Problem requirements:
All of the data beneath this instruction is to be transcribed word for word.

Dataset records

:::::

(* Let $r\ge 0$ be an integer and $\delta>0$. Every graph $G$ with $\tilde\nabla_{r/2}(G)\ge\delta$ contains a stable $i$-subdivision of density at least $\delta/(r+1)$ for some $i\in\{0,\dots,r\}$.
   Context: For a graph $H$, a subdivision of $H$ replaces edges of $H$ by internally vertex-disjoint paths; the vertices corresponding to $V(H)$ are called nails, the subgraph of $G$ realizing it is the model. For half-integer $s\ge0$, $H$ is an $s$-shallow topological minor of $G$ if $G$ contains as a subgraph a subdivision of $H$ in which every edge of $H$ is replaced by a path of length at most $2s+1$. Density of a graph is $|E|/|V|$, and $\tilde\nabla_s(G)$ is the maximum density of an $s$-shallow topological minor of $G$. $G$ contains $H$ as a stable $i$-subdivision if $G$ contains $H$ as an $\frac{i}{2}$-shallow topological minor with a model in which every path corresponding to an edge of $H$ has length exactly $i+1$ and is an induced path in $G$; the density of the stable subdivision is the density of $H$. *)

theory Defs
  imports Main Complex_Main
begin

type_synonym 'a graph = "'a set \<times> 'a set set"

definition verts :: "'a graph \<Rightarrow> 'a set" where "verts G = fst G"
definition edges :: "'a graph \<Rightarrow> 'a set set" where "edges G = snd G"

definition graph :: "'a graph \<Rightarrow> bool" where
  "graph G \<longleftrightarrow> finite (verts G) \<and>
     (\<forall>e\<in>edges G. \<exists>u v. u \<in> verts G \<and> v \<in> verts G \<and> u \<noteq> v \<and> e = {u, v})"

text \<open>Density |E|/|V| (0 for the empty graph, by the convention x / 0 = 0).\<close>
definition density :: "'a graph \<Rightarrow> real" where
  "density G = real (card (edges G)) / real (card (verts G))"

definition is_path :: "'a graph \<Rightarrow> 'a list \<Rightarrow> bool" where
  "is_path G p \<longleftrightarrow> p \<noteq> [] \<and> distinct p \<and> set p \<subseteq> verts G \<and>
     (\<forall>j. Suc j < length p \<longrightarrow> {p ! j, p ! Suc j} \<in> edges G)"

definition path_len :: "'a list \<Rightarrow> nat" where
  "path_len p = length p - 1"

definition induced_path :: "'a graph \<Rightarrow> 'a list \<Rightarrow> bool" where
  "induced_path G p \<longleftrightarrow> is_path G p \<and>
     (\<forall>j k. j < length p \<longrightarrow> k < length p \<longrightarrow> {p ! j, p ! k} \<in> edges G \<longrightarrow>
        k = Suc j \<or> j = Suc k)"

text \<open>Model of a subdivision of H in G. Up to isomorphism of H, we take the vertices
  of H to be the nails themselves (so verts H \<subseteq> verts G); P e is the path
  realising the edge e of H.\<close>
definition subdivision_model :: "'a graph \<Rightarrow> 'a graph \<Rightarrow> ('a set \<Rightarrow> 'a list) \<Rightarrow> bool" where
  "subdivision_model G H P \<longleftrightarrow> graph H \<and> verts H \<subseteq> verts G \<and>
     (\<forall>e\<in>edges H. is_path G (P e) \<and> e = {hd (P e), last (P e)} \<and>
        (set (P e) - e) \<inter> verts H = {}) \<and>
     (\<forall>e\<in>edges H. \<forall>e'\<in>edges H. e \<noteq> e' \<longrightarrow> set (P e) \<inter> set (P e') \<subseteq> e \<inter> e')"

text \<open>s-shallow topological minor (s a nonnegative half-integer, given as a real).\<close>
definition shallow_top_minor :: "real \<Rightarrow> 'a graph \<Rightarrow> 'a graph \<Rightarrow> bool" where
  "shallow_top_minor s H G \<longleftrightarrow>
     (\<exists>P. subdivision_model G H P \<and> (\<forall>e\<in>edges H. real (path_len (P e)) \<le> 2 * s + 1))"

definition tnabla :: "real \<Rightarrow> 'a graph \<Rightarrow> real" where
  "tnabla s G = Max {density H | H. shallow_top_minor s H G}"

definition stable_subdivision :: "nat \<Rightarrow> 'a graph \<Rightarrow> 'a graph \<Rightarrow> bool" where
  "stable_subdivision i H G \<longleftrightarrow>
     (\<exists>P. subdivision_model G H P \<and>
        (\<forall>e\<in>edges H. path_len (P e) = i + 1 \<and> induced_path G (P e)))"

end

theory Submission
  imports Defs
begin

text \<open>
  Take an (r/2)-shallow topological minor H of G of maximum density, so that
  density H \<ge> \<delta>; every edge of H is realised by a path of length at most r + 1.
  Shortcutting each such path along chords turns it into an induced path with the same
  ends and a subset of its vertices, so the result is still a subdivision model of H,
  and each path now has some length i + 1 with i \<le> r.  Sorting the edges of H into the
  r + 1 classes by this length, one class carries at least a 1/(r+1) fraction of the
  edges (pigeonhole).  Keeping all vertices of H but only the edges of that class gives a
  stable i-subdivision of density at least \<delta>/(r+1).
\<close>

lemma path_shortcut_chord:
  assumes p: "is_path G p" and ab: "Suc a < b" "b < length p"
    and chord: "{p!a, p!b} \<in> edges G"
  defines "q \<equiv> take (Suc a) p @ drop b p"
  shows "is_path G q" "hd q = hd p" "last q = last p" "set q \<subseteq> set p"
    "length q < length p"
proof -
  have len_q: "length q = Suc a + (length p - b)" using ab by (simp add: q_def)
  have nth_q: "q ! m = (if m \<le> a then p ! m else p ! (b + (m - Suc a)))"
    if "m < length q" for m
    using that ab by (auto simp: q_def nth_append len_q)
  have p_facts: "distinct p" "p \<noteq> []" "set p \<subseteq> verts G" using p by (auto simp: is_path_def)
  show "set q \<subseteq> set p" unfolding q_def using set_take_subset set_drop_subset by fastforce
  have "{q ! m, q ! Suc m} \<in> edges G" if m: "Suc m < length q" for m
  proof -
    consider "m < a" | "m = a" | "m > a" by linarith
    then show ?thesis
    proof cases
      case 1
      then show ?thesis using nth_q[of m] nth_q[of "Suc m"] m p ab unfolding is_path_def by auto
    next
      case 2
      then show ?thesis using nth_q[of m] nth_q[of "Suc m"] m chord by simp
    next
      case 3
      have "Suc (b + (m - Suc a)) < length p" using m 3 len_q by linarith
      moreover have "b + (Suc m - Suc a) = Suc (b + (m - Suc a))" using 3 by simp
      ultimately show ?thesis
        using nth_q[of m] nth_q[of "Suc m"] m 3 p unfolding is_path_def by auto
    qed
  qed
  moreover have "distinct q" unfolding q_def using p_facts ab
    by (simp add: set_take_disj_set_drop_if_distinct)
  moreover have "q \<noteq> []" using len_q by auto
  ultimately show "is_path G q"
    using p_facts \<open>set q \<subseteq> set p\<close> unfolding is_path_def by blast
  show "hd q = hd p" using p_facts by (simp add: q_def)
  show "last q = last p" using ab by (simp add: q_def)
  show "length q < length p" using len_q ab by simp
qed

:::::

Exercise output:
(* Let $r\ge 0$ be an integer and $\delta>0$. Every graph $G$ with $\tilde\nabla_{r/2}(G)\ge\delta$ contains a stable $i$-subdivision of density at least $\delta/(r+1)$ for some $i\in\{0,\dots,r\}$.
   Context: For a graph $H$, a subdivision of $H$ replaces edges of $H$ by internally vertex-disjoint paths; the vertices corresponding to $V(H)$ are called nails, the subgraph of $G$ realizing it is the model. For half-integer $s\ge0$, $H$ is an $s$-shallow topological minor of $G$ if $G$ contains as a subgraph a subdivision of $H$ in which every edge of $H$ is replaced by a path of length at most $2s+1$. Density of a graph is $|E|/|V|$, and $\tilde\nabla_s(G)$ is the maximum density of an $s$-shallow topological minor of $G$. $G$ contains $H$ as a stable $i$-subdivision if $G$ contains $H$ as an $\frac{i}{2}$-shallow topological minor with a model in which every path corresponding to an edge of $H$ has length exactly $i+1$ and is an induced path in $G$; the density of the stable subdivision is the density of $H$. *)

theory Defs
  imports Main Complex_Main
begin

type_synonym 'a graph = "'a set \<times> 'a set set"

definition verts :: "'a graph \<Rightarrow> 'a set" where "verts G = fst G"
definition edges :: "'a graph \<Rightarrow> 'a set set" where "edges G = snd G"

definition graph :: "'a graph \<Rightarrow> bool" where
  "graph G \<longleftrightarrow> finite (verts G) \<and>
     (\<forall>e\<in>edges G. \<exists>u v. u \<in> verts G \<and> v \<in> verts G \<and> u \<noteq> v \<and> e = {u, v})"

text \<open>Density |E|/|V| (0 for the empty graph, by the convention x / 0 = 0).\<close>
definition density :: "'a graph \<Rightarrow> real" where
  "density G = real (card (edges G)) / real (card (verts G))"

definition is_path :: "'a graph \<Rightarrow> 'a list \<Rightarrow> bool" where
  "is_path G p \<longleftrightarrow> p \<noteq> [] \<and> distinct p \<and> set p \<subseteq> verts G \<and>
     (\<forall>j. Suc j < length p \<longrightarrow> {p ! j, p ! Suc j} \<in> edges G)"

definition path_len :: "'a list \<Rightarrow> nat" where
  "path_len p = length p - 1"

definition induced_path :: "'a graph \<Rightarrow> 'a list \<Rightarrow> bool" where
  "induced_path G p \<longleftrightarrow> is_path G p \<and>
     (\<forall>j k. j < length p \<longrightarrow> k < length p \<longrightarrow> {p ! j, p ! k} \<in> edges G \<longrightarrow>
        k = Suc j \<or> j = Suc k)"

text \<open>Model of a subdivision of H in G. Up to isomorphism of H, we take the vertices
  of H to be the nails themselves (so verts H \<subseteq> verts G); P e is the path
  realising the edge e of H.\<close>
definition subdivision_model :: "'a graph \<Rightarrow> 'a graph \<Rightarrow> ('a set \<Rightarrow> 'a list) \<Rightarrow> bool" where
  "subdivision_model G H P \<longleftrightarrow> graph H \<and> verts H \<subseteq> verts G \<and>
     (\<forall>e\<in>edges H. is_path G (P e) \<and> e = {hd (P e), last (P e)} \<and>
        (set (P e) - e) \<inter> verts H = {}) \<and>
     (\<forall>e\<in>edges H. \<forall>e'\<in>edges H. e \<noteq> e' \<longrightarrow> set (P e) \<inter> set (P e') \<subseteq> e \<inter> e')"

text \<open>s-shallow topological minor (s a nonnegative half-integer, given as a real).\<close>
definition shallow_top_minor :: "real \<Rightarrow> 'a graph \<Rightarrow> 'a graph \<Rightarrow> bool" where
  "shallow_top_minor s H G \<longleftrightarrow>
     (\<exists>P. subdivision_model G H P \<and> (\<forall>e\<in>edges H. real (path_len (P e)) \<le> 2 * s + 1))"

definition tnabla :: "real \<Rightarrow> 'a graph \<Rightarrow> real" where
  "tnabla s G = Max {density H | H. shallow_top_minor s H G}"

definition stable_subdivision :: "nat \<Rightarrow> 'a graph \<Rightarrow> 'a graph \<Rightarrow> bool" where
  "stable_subdivision i H G \<longleftrightarrow>
     (\<exists>P. subdivision_model G H P \<and>
        (\<forall>e\<in>edges H. path_len (P e) = i + 1 \<and> induced_path G (P e)))"

end

theory Submission
  imports Defs
begin

text \<open>
  Take an (r/2)-shallow topological minor H of G of maximum density, so that
  density H \<ge> \<delta>; every edge of H is realised by a path of length at most r + 1.
  Shortcutting each such path along chords turns it into an induced path with the same
  ends and a subset of its vertices, so the result is still a subdivision model of H,
  and each path now has some length i + 1 with i \<le> r.  Sorting the edges of H into the
  r + 1 classes by this length, one class carries at least a 1/(r+1) fraction of the
  edges (pigeonhole).  Keeping all vertices of H but only the edges of that class gives a
  stable i-subdivision of density at least \<delta>/(r+1).
\<close>

lemma path_shortcut_chord:
  assumes p: "is_path G p" and ab: "Suc a < b" "b < length p"
    and chord: "{p!a, p!b} \<in> edges G"
  defines "q \<equiv> take (Suc a) p @ drop b p"
  shows "is_path G q" "hd q = hd p" "last q = last p" "set q \<subseteq> set p"
    "length q < length p"
proof -
  have len_q: "length q = Suc a + (length p - b)" using ab by (simp add: q_def)
  have nth_q: "q ! m = (if m \<le> a then p ! m else p ! (b + (m - Suc a)))"
    if "m < length q" for m
    using that ab by (auto simp: q_def nth_append len_q)
  have p_facts: "distinct p" "p \<noteq> []" "set p \<subseteq> verts G" using p by (auto simp: is_path_def)
  show "set q \<subseteq> set p" unfolding q_def using set_take_subset set_drop_subset by fastforce
  have "{q ! m, q ! Suc m} \<in> edges G" if m: "Suc m < length q" for m
  proof -
    consider "m < a" | "m = a" | "m > a" by linarith
    then show ?thesis
    proof cases
      case 1
      then show ?thesis using nth_q[of m] nth_q[of "Suc m"] m p ab unfolding is_path_def by auto
    next
      case 2
      then show ?thesis using nth_q[of m] nth_q[of "Suc m"] m chord by simp
    next
      case 3
      have "Suc (b + (m - Suc a)) < length p" using m 3 len_q by linarith
      moreover have "b + (Suc m - Suc a) = Suc (b + (m - Suc a))" using 3 by simp
      ultimately show ?thesis
        using nth_q[of m] nth_q[of "Suc m"] m 3 p unfolding is_path_def by auto
    qed
  qed
  moreover have "distinct q" unfolding q_def using p_facts ab
    by (simp add: set_take_disj_set_drop_if_distinct)
  moreover have "q \<noteq> []" using len_q by auto
  ultimately show "is_path G q"
    using p_facts \<open>set q \<subseteq> set p\<close> unfolding is_path_def by blast
  show "hd q = hd p" using p_facts by (simp add: q_def)
  show "last q = last p" using ab by (simp add: q_def)
  show "length q < length p" using len_q ab by simp
qed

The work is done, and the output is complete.